PostHistory ID: 1585
{"OriginalQuestionIds":[179],"Voters":[{"Id":6,"DisplayName":"wax eagle"},{"Id":38,"DisplayName":"Tonny Madsen"}]}
4b43ed3f-76fb-4a67-b953-7c4b45c23eba
562
['Comment', 'PostId', 'UserId', 'PostHistoryTypeId', 'Text', 'RevisionGUID', 'CreationDate', 'Id']
PostHistory ID: 5372
{"OriginalQuestionIds":[1010],"Voters":[{"Id":385,"DisplayName":"Dor Cohen"},{"Id":786,"DisplayName":"SocioMatt"},{"Id":527,"DisplayName":"edmastermind29"}]}
10f12d59-24c8-4d98-ab11-33e33ca79fd8
1676
['Comment', 'PostId', 'UserId', 'PostHistoryTypeId', 'Text', 'RevisionGUID', 'CreationDate', 'Id']
PostHistory ID: 8821
{"OriginalQuestionIds":[2128],"Voters":[{"Id":103,"DisplayName":"Rory Alsop"},{"Id":385,"DisplayName":"Dor Cohen"},{"Id":527,"DisplayName":"edmastermind29"}]}
c4fbc791-7fd2-4922-b7fd-814697b36c1c
2303
['Comment', 'PostId', 'UserId', 'PostHistoryTypeId', 'Text', 'RevisionGUID', 'CreationDate', 'Id']
PostHistory ID: 9774
{"OriginalQuestionIds":[179],"Voters":[{"Id":385,"DisplayName"

The `Text` attribute in a PostHistory event indicating a post was closed as a duplicate is itself a JSON-formatted string describing the vote to close.
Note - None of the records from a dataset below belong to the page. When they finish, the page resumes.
(* Let $0\le l<k\le n$, $\Lambda=(\lambda_1,\dots,\lambda_n)\in\Gamma_k^+$, and for $1\le i\le n$ set $$F^{ii}=F^*\big\{\sigma_l(\Lambda)\sigma_{k-1}(\Lambda_i)-\sigma_k(\Lambda)\sigma_{l-1}(\Lambda_i)\big\},\qquad F^*=\frac1{k-l}\Big(\frac{\sigma_k(\Lambda)}{\sigma_l(\Lambda)}\Big)^{\frac1{k-l}-1}\frac1{\sigma_l(\Lambda)^2}.$$ If $\lambda_i\le\lambda_j$ then $F^{ii}\ge F^{jj}$. If moreover $(n-k+1)(n-l+1)>2(n+1)$ and $\lambda_1>0$, then there is a constant $c(n,k,l)>0$ depending only on $n,k,l$ such that $\sum_{i=1}^nF^{ii}\ge(2+c(n,k,l))F^{11}$.
   Context: $\sigma_j$ is the $j$-th elementary symmetric function, with $\sigma_0\equiv1$, $\sigma_{-1}\equiv0$. $\Gamma_k^+=\{\Lambda\in\mathbb R^n:\sigma_j(\Lambda)>0 \text{ for } 1\le j\le k\}$. $\Lambda_i\in\mathbb R^{n-1}$ denotes $\Lambda$ with its $i$-th component deleted. *)

theory Defs
  imports Complex_Main
begin

text \<open>Elementary symmetric function of order j of the components of a vector
  indexed by the finite set A; j is an integer so that sigma_{-1} = 0.
  sigma_0 = 1 (product over the empty set).\<close>
definition esym :: "int \<Rightarrow> nat set \<Rightarrow> (nat \<Rightarrow> real) \<Rightarrow> real" where
  "esym j A lam = (if j < 0 then 0
     else (\<Sum>S\<in>{S. S \<subseteq> A \<and> card S = nat j}. \<Prod>i\<in>S. lam i))"

definition sigma :: "nat \<Rightarrow> int \<Rightarrow> (nat \<Rightarrow> real) \<Rightarrow> real" where
  "sigma n j lam = esym j {1..n} lam"

definition sigma_del :: "nat \<Rightarrow> int \<Rightarrow> (nat \<Rightarrow> real) \<Rightarrow> nat \<Rightarrow> real" where
  "sigma_del n j lam i = esym j ({1..n} - {i}) lam"

definition Gamma_plus :: "nat \<Rightarrow> nat \<Rightarrow> (nat \<Rightarrow> real) set" where
  "Gamma_plus n k = {lam. \<forall>j\<in>{1..k}. sigma n (int j) lam > 0}"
It is unclear where other information relevant to the closing event is stored.

There is, for instance, an event populated by the Community user that adds the "Possible Duplicate" boilerplate on the post:

In [7]:
add_boilerplate = root.findall(".//row[@PostHistoryTypeId='{0}'][@Comment='insert duplicate link']".format(edit_body_code))
pprint(add_boilerplate[0].attrib)

{'Comment': 'insert duplicate link',
 'CreationDate': '2012-03-22T14:35:03.113',
 'Id': '1584',
 'PostHistoryTypeId': '5',
 'PostId': '562',
 'RevisionGUID': '8c47ddc6-e49b-4170-9bad-0c0b6c477d58',
 'Text': "> **Possible Duplicate:**  \n> [Why is FIFA against adding instant replay to the game?](http://sports.stackexchange.com/questions/179/why-is-fifa-against-adding-instant-replay-to-the-game)  \n\n<!-- End of automatically inserted text -->\n\nAfter watching England's world cup match i was eagerly waiting for FIFA to introduce the goal line technology. But it hasn't come out yet. \r\n\r\nWhat are the disadvantages of using it? In all other games now days technology is very much used and has resulted in a reduction of refereeing or umpiring errors.  \r\n\r\nWhat has FIFA got against the use of technology in the game? ",
 'UserId': '-1'}


That appears to be triggered by the initial vote to close, for this post. It is also theoretically possible for a post to be *flagged* as a duplicate by a different mechanism, which conceivably would not show up in the PostHistory but in wherever the Flag histories are kept.